To secure the studs 231 to the track 232 (see FIG. 36), the lower end of
each stud 231 is positioned between the flanges 234 and against the web
233 of the channel 232. The width of each of the studs 231 is sized
relative to the distance between the flanges 234 such that there is a
close fit between the flanges 234 and the reinforcement inserts 241. The
parts are then secured together as by a screw-type fastener (not
illustrated) extending through the flanges 234 and through the
reinforcement inserts and into the gypsum core 237, or by staking the
parts together in the areas indicated by the numeral 243 in FIG. 36.
Staking may be accomplished by a tool, such as a punch, which is driven
through the flanges 234 and through the reinforcement inserts 241 and into
the core, whereby the metal of the flanges 234 is offset into an opening
244 in the reinforcement 241. As previously mentioned, instead of staking,
the parts may be secured together by screws.
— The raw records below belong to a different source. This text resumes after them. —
(* Suppose $f\colon[0,\infty)\to[0,\infty)$ satisfies (M), (S) and (L). For $k>0$ set $g(\sigma)=F^{-1}(\sigma^k)$ for $\sigma\in(0,F_0^{1/k})$. Then there exists $\sigma_*>0$ such that $g$ is convex on $(0,\sigma_* )$.
   Context: (M) $f$ continuous, nondecreasing, $f(u)>0$ for $u>0$. (S) there is $\tau_0>0$ with $f\in C^1([\tau_0,\infty))$ and $\int_{\tau_0}^\infty ds/f(s)<\infty$. $F(u)=\int_u^\infty ds/f(s)$ for $u>0$, $F_0=\lim_{u\to0}F(u)$ (possibly $\infty$); $F^{-1}\colon(0,F_0)\to(0,\infty)$ is the inverse of $F$. (L) $q_f:=\lim_{u\to\infty}f'(u)F(u)$ exists and is finite. *)

theory Defs
  imports "HOL-Analysis.Analysis"
begin

text \<open>F(u) = integral from u to infinity of 1/f (improper integral; the integrand is
positive, so Henstock-Kurzweil integrability on {u..} is convergence of the improper integral).\<close>
definition Fint :: "(real \<Rightarrow> real) \<Rightarrow> real \<Rightarrow> real" where
  "Fint f u = integral {u..} (\<lambda>s. 1 / f s)"

definition F0 :: "(real \<Rightarrow> real) \<Rightarrow> ereal" where
  "F0 f = Lim (at_right 0) (\<lambda>u. ereal (Fint f u))"

definition Finv :: "(real \<Rightarrow> real) \<Rightarrow> real \<Rightarrow> real" where
  "Finv f = inv_into {0<..} (Fint f)"

end

theory Submission
  imports Defs
begin

text \<open>Write G for the inverse of F, so that G' = -f(G) on (0, F(T)) for every T > 0. By the chain
rule g'(\<sigma>) = -k \<psi>(g(\<sigma>)) with \<psi> = F^((k-1)/k) f, and g is decreasing, so g is convex near 0
as soon as \<psi> is nondecreasing on some [T, \<infinity>). Now \<psi>' = F^((k-1)/k - 1) (f' F - (k-1)/k), and
f' F tends to q \<ge> 1 > (k-1)/k: if q < 1 and q < c < 1, then (F f)' = f' F - 1 < c - 1 eventually,
so F f + (1 - c) u would be eventually nonincreasing although it is positive and unbounded.\<close>

lemma integrable_on_Ici_extend_nonneg:
  fixes h :: "real \<Rightarrow> real"
  assumes int: "h integrable_on {b..}" and nonneg: "\<And>x. x \<ge> b \<Longrightarrow> 0 \<le> h x"
    and cont: "continuous_on {a..b} h"
  shows "h integrable_on {a..}"
proof (cases "a \<le> b")
  case True
  have "h integrable_on ({a..b} \<union> {b..})"
    using True int integrable_continuous_interval[OF cont] by (intro integrable_Un) auto
  moreover have "{a..b} \<union> {b..} = {a..}" using True by auto
  ultimately show ?thesis by simp
next
  case False
  have "h absolutely_integrable_on {b..}"
    using int nonneg by (intro nonnegative_absolutely_integrable_1) auto
  then have "h absolutely_integrable_on {a..}"
    by (rule set_integrable_subset) (use False in auto)
  then show ?thesis using absolutely_integrable_on_def by blast
qed

lemma integral_Ici_split:
  fixes h :: "real \<Rightarrow> real"
  assumes "a \<le> b" "h integrable_on {a..b}" "h integrable_on {b..}"
  shows "integral {a..} h = integral {a..b} h + integral {b..} h"
proof -
  have "(h has_integral (integral {a..b} h + integral {b..} h)) ({a..b} \<union> {b..})"
    using assms by (intro has_integral_Un) auto
  moreover have "{a..b} \<union> {b..} = {a..}" using assms(1) by auto
  ultimately show ?thesis by (simp add: integral_unique)
qed

lemma tendsto_integral_Ici_at_top:
  fixes h :: "real \<Rightarrow> real"
  assumes int: "h absolutely_integrable_on {a..}"
  shows "((\<lambda>u. integral {u..} h) \<longlongrightarrow> 0) at_top"
proof (rule tendsto_at_topI_sequentially)
  fix X :: "nat \<Rightarrow> real" assume X: "filterlim X at_top sequentially"
  define g where "g n = (\<lambda>x. if x \<in> {X n..} then h x else 0)" for n
  have "(\<lambda>n. integral {a..} (g n)) \<longlonglongrightarrow> integral {a..} (\<lambda>x. 0)"
  proof (rule dominated_convergence(2))
    show "g n integrable_on {a..}" for n
    proof -
      have "h absolutely_integrable_on {X n..} \<inter> {a..}"
        by (rule set_integrable_subset[OF int]) auto
      then show ?thesis
        unfolding g_def integrable_restrict_Int absolutely_integrable_on_def by blast
    qed
    show "(\<lambda>x. norm (h x)) integrable_on {a..}"
      using int absolutely_integrable_on_def by blast
    show "norm (g n x) \<le> norm (h x)" for n x by (simp add: g_def)
    show "(\<lambda>n. g n x) \<longlonglongrightarrow> 0" for x
    proof (rule tendsto_eventually)
      show "\<forall>\<^sub>F n in sequentially. g n x = 0"
        using filterlim_at_top_dense[THEN iffD1, OF X, rule_format, of x]
        by eventually_elim (simp add: g_def)
    qed
  qed
  moreover have "\<forall>\<^sub>F n in sequentially. integral {a..} (g n) = integral {X n..} h"
    using filterlim_at_top[THEN iffD1, OF X, rule_format, of a]
  proof eventually_elim
    case (elim n)
    then have "{X n..} \<inter> {a..} = {X n..}" by auto
    then show ?case unfolding g_def integral_restrict_Int by simp
  qed
  ultimately show "(\<lambda>n. integral {X n..} h) \<longlonglongrightarrow> 0"
    using Lim_transform_eventually by force
qed

lemma tendsto_SUP_at_right_antimono:
  fixes g :: "real \<Rightarrow> real"
  assumes antimono: "\<And>x y. a < x \<Longrightarrow> x \<le> y \<Longrightarrow> g y \<le> g x"
  shows "((\<lambda>u. ereal (g u)) \<longlongrightarrow> (SUP u\<in>{a<..}. ereal (g u))) (at_right a)"
proof (rule order_tendstoI)
  fix l assume "l < (SUP u\<in>{a<..}. ereal (g u))"
  then obtain u0 where u0: "a < u0" "l < ereal (g u0)"
    unfolding less_SUP_iff by auto
  show "\<forall>\<^sub>F u in at_right a. l < ereal (g u)"
    unfolding eventually_at_right_field
  proof (intro exI[of _ u0] conjI allI impI)
    fix u assume "a < u" "u < u0"
    then have "g u0 \<le> g u" using antimono by simp
    then show "l < ereal (g u)" using u0(2) by (simp add: order_less_le_trans)
  qed (use u0 in auto)
next
  fix l assume "(SUP u\<in>{a<..}. ereal (g u)) < l"
  moreover have "ereal (g u) \<le> (SUP u\<in>{a<..}. ereal (g u))" if "a < u" for u
    using that by (intro SUP_upper) simp
  ultimately show "\<forall>\<^sub>F u in at_right a. ereal (g u) < l"
    by (intro eventually_at_rightI[of a "a + 1"]) (auto intro: le_less_trans)
qed

locale reciprocal_integrable =
  fixes f :: "real \<Rightarrow> real"
  assumes continuous: "continuous_on {0<..} f"
    and pos: "\<And>u. 0 < u \<Longrightarrow> 0 < f u"
    and integrable_tail: "\<exists>\<tau>>0. (\<lambda>s. 1 / f s) integrable_on {\<tau>..}"
begin

lemma continuous_on_reciprocal:
  assumes "0 < a"
  shows "continuous_on {a..b} (\<lambda>s. 1 / f s)"
proof -
  have "f s \<noteq> 0" if "s \<in> {a..b}" for s
    using that assms pos[of s] by simp
  with assms show ?thesis
    by (intro continuous_intros continuous_on_subset[OF continuous]) auto
qed

lemma integrable_reciprocal_Ici:
  assumes "0 < u"
  shows "(\<lambda>s. 1 / f s) integrable_on {u..}"
proof -
  obtain \<tau> where \<tau>: "0 < \<tau>" "(\<lambda>s. 1 / f s) integrable_on {\<tau>..}"
    using integrable_tail by blast
  have "0 \<le> 1 / f s" if "\<tau> \<le> s" for s
    using that \<tau>(1) pos[of s] by simp
  with \<tau>(2) show ?thesis
    by (rule integrable_on_Ici_extend_nonneg[OF _ _ continuous_on_reciprocal[OF assms]])
qed

lemma Fint_split: "0 < a \<Longrightarrow> a \<le> b \<Longrightarrow> Fint f a = integral {a..b} (\<lambda>s. 1 / f s) + Fint f b"
  unfolding Fint_def
  by (intro integral_Ici_split integrable_continuous_interval continuous_on_reciprocal integrable_reciprocal_Ici) auto

lemma has_real_derivative_Fint:
  assumes "0 < u"
  shows "(Fint f has_real_derivative - (1 / f u)) (at u)"
proof -
  let ?a = "u / 2" and ?h = "\<lambda>s. 1 / f s"
  have "((\<lambda>x. integral {?a..x} ?h) has_real_derivative ?h u) (at u within {?a..u + 1})"
    using assms continuous_on_reciprocal by (intro integral_has_real_derivative) auto
  moreover have "at u within {?a..u + 1} = at u" using assms by (intro at_within_Icc_at) auto
  ultimately have "((\<lambda>x. Fint f ?a - integral {?a..x} ?h) has_real_derivative - ?h u) (at u)"
    by (auto intro!: derivative_eq_intros)
  then show ?thesis
  proof (rule has_field_derivative_transform_within_open[where S = "{?a<..}"])
    show "Fint f ?a - integral {?a..x} ?h = Fint f x" if "x \<in> {?a<..}" for x
      using that assms Fint_split[of ?a x] by simp
  qed (use assms in auto)
qed

lemma isCont_Fint: "0 < u \<Longrightarrow> isCont (Fint f) u"
  by (rule DERIV_isCont[OF has_real_derivative_Fint])

lemma Fint_strict_antimono:
  assumes "0 < a" "a < b"
  shows "Fint f b < Fint f a"
proof (rule DERIV_neg_imp_decreasing[OF assms(2)])
  fix x assume "a \<le> x" "x \<le> b"
  with assms have "0 < x" by simp
  then show "\<exists>y. (Fint f has_real_derivative y) (at x) \<and> y < 0"
    using has_real_derivative_Fint pos by (intro exI[of _ "- (1 / f x)"]) simp
qed

lemma Fint_pos:
  assumes "0 < u"
  shows "0 < Fint f u"
proof -
  have "0 \<le> Fint f (u + 1)"
    unfolding Fint_def using \<open>0 < u\<close> pos by (intro integral_nonneg integrable_reciprocal_Ici) (auto intro: less_imp_le)
  also have "\<dots> < Fint f u" using \<open>0 < u\<close> by (intro Fint_strict_antimono) auto
  finally show ?thesis .
qed

lemma Fint_tendsto_0: "(Fint f \<longlongrightarrow> 0) at_top"
proof -
  have "(\<lambda>s. 1 / f s) absolutely_integrable_on {1..}"
    using pos by (intro nonnegative_absolutely_integrable_1 integrable_reciprocal_Ici) (auto intro: less_imp_le)
  then show ?thesis
    unfolding Fint_def[abs_def] by (rule tendsto_integral_Ici_at_top)
qed

lemma inj_on_Fint: "inj_on (Fint f) {0<..}"
  by (rule inj_onI) (metis Fint_strict_antimono greaterThan_iff less_irrefl linorder_neqE)

lemma Finv_Fint: "0 < u \<Longrightarrow> Finv f (Fint f u) = u"
  unfolding Finv_def by (simp add: inj_on_Fint inv_into_f_f)

lemma Fint_Finv:
  assumes "0 < T" "0 < y" "y < Fint f T"
  shows "T < Finv f y" "Fint f (Finv f y) = y"
proof -
  obtain u where u: "T \<le> u" "Fint f u < y"
    using eventually_conj[OF eventually_ge_at_top order_tendstoD(2)[OF Fint_tendsto_0 \<open>0 < y\<close>]]
    by (auto simp: eventually_at_top_linorder)
  have "\<forall>x. T \<le> x \<and> x \<le> u \<longrightarrow> isCont (Fint f) x"
    using assms(1) isCont_Fint by simp
  then obtain x where x: "T \<le> x" "Fint f x = y"
    using IVT2[of "Fint f" u y T] u assms(3) by auto
  with assms have "T < x" by (auto simp: order.order_iff_strict)
  then show "T < Finv f y" "Fint f (Finv f y) = y"
    using x assms(1) Finv_Fint by auto
qed

lemma has_real_derivative_Finv:
  assumes T: "0 < T" and y: "0 < y" "y < Fint f T"
  shows "(Finv f has_real_derivative - f (Finv f y)) (at y)"
proof -
  let ?x = "Finv f y"
  have x: "T < ?x" "Fint f ?x = y" using Fint_Finv[OF T y] by auto
  have "isCont (Finv f) (Fint f ?x)"
  proof (rule isCont_inverse_function2[where f = "Fint f" and a = T and b = "?x + 1"])
    fix z assume "T \<le> z"
    with T have "0 < z" by simp
    then show "Finv f (Fint f z) = z" "isCont (Fint f) z"
      by (simp_all add: Finv_Fint isCont_Fint)
  qed (use x in simp_all)
  then have cont: "isCont (Finv f) y" using x by simp
  have "(Finv f has_real_derivative inverse (- (1 / f ?x))) (at y)"
  proof (rule DERIV_inverse_function[where a = 0 and b = "Fint f T"])
    show "(Fint f has_real_derivative - (1 / f ?x)) (at ?x)"
      using x T by (intro has_real_derivative_Fint) simp
    show "- (1 / f ?x) \<noteq> 0" using x T pos[of ?x] by simp
    show "Fint f (Finv f z) = z" if "0 < z" "z < Fint f T" for z
      using Fint_Finv[OF T that] by simp
  qed (use y cont in simp_all)
  then show ?thesis by simp
qed

lemma Fint_le_F0:
  assumes "0 < u"
  shows "ereal (Fint f u) \<le> F0 f"
proof -
  have "F0 f = (SUP u\<in>{0<..}. ereal (Fint f u))"
    unfolding F0_def using Fint_strict_antimono
    by (intro tendsto_Lim tendsto_SUP_at_right_antimono) (auto simp: order.order_iff_strict)
  then show ?thesis using assms by (auto intro: SUP_upper)
qed

lemma Finv_antimono:
  assumes T: "0 < T" and ab: "0 < a" "a \<le> b" "b < Fint f T"
  shows "Finv f b \<le> Finv f a"
proof (rule ccontr)
  assume "\<not> Finv f b \<le> Finv f a"
  moreover have "T < Finv f a" "Fint f (Finv f a) = a" "Fint f (Finv f b) = b"
    using Fint_Finv[OF T] ab by auto
  ultimately have "b < a" using T Fint_strict_antimono[of "Finv f a" "Finv f b"] by simp
  with ab show False by simp
qed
FIGS. 38 and 39 illustrate a wall assembly which is particularly useful in
the manufactured housing industry, and FIG. 37 illustrates a stud included
in the wall assembly shown in FIGS. 38 and 39. With reference first to
FIG. 37, which shows a cross section through a stud 251, the stud includes
a core 252 made of gypsum, the core 252 being partially encircled or
enclosed by a sheet 253 of paper of the type normally used to cover the
sides of gypsum wallboard. The fourth side of the core 252 is covered by a
separate sheet 254 which covers the fourth side and overlaps, as indicated
at 255, the adjacent edge portions of the sheet 253. Thus, the core 252 is
enclosed or enveloped in paper with the exception of the ends of the stud.
The core 252 could, however, be enveloped by a single sheet of paper.
With reference to FIG. 38, a wall assembly 261 includes a plurality of the
studs 251, the studs 251 extending vertically and being spaced apart in
the horizontal direction. Forming one side of the wall assembly 261 is a
panel 262 formed by gypsum wallboard, and extending across the opposite
side of the wall assembly 261 are additional sheets 263 and 264 of gypsum
wallboard which form another panel. The two sheets 263 and 264 are
parallel and abut each other at a junction line 266, and one vertical edge
267 of the stud 251 is located at the junction line 266 between the two
boards 263 and 264. The board 261 is offset from the two boards 263 and
264 so that the stud 251 is at a junction or joining line 266 on only one
side of the wall, the other edge 268 of the stud 251 being intermediate
the vertical side edges of the board 262. An adhesive 269 is placed
between the vertical edges 267 and 268 of the stud 251 and the adjacent
surfaces of the wallboards 261, 263 and 264, and the adhesive 269 secures
the parts together. To hold the parts in opposition while the adhesive
sets, fasteners such as staples 271 are provided between the wallboards
and the studs.
FIG. 39 illustrates a wall assembly 275 which is generally similar to the
wall assembly 261, and includes a structural member such as the stud 251
and wallboards 276-278. Instead of securing the parts together by the
adhesive 269, in FIG. 39 the parts are secured together by a foam adhesive
279.
With reference to FIG. 41, an alternative structure of the stud is provided
which is cut from a wide sheet of gypsum board, whereas the structure
shown in FIG. 37 may be molded to the shape shown in FIG. 37. The stud of
FIG. 41 includes gypsum core 281 covered by side sheets 282 and 283 and by
a cap made of paper 284 which covers the cut edge 285 of the core.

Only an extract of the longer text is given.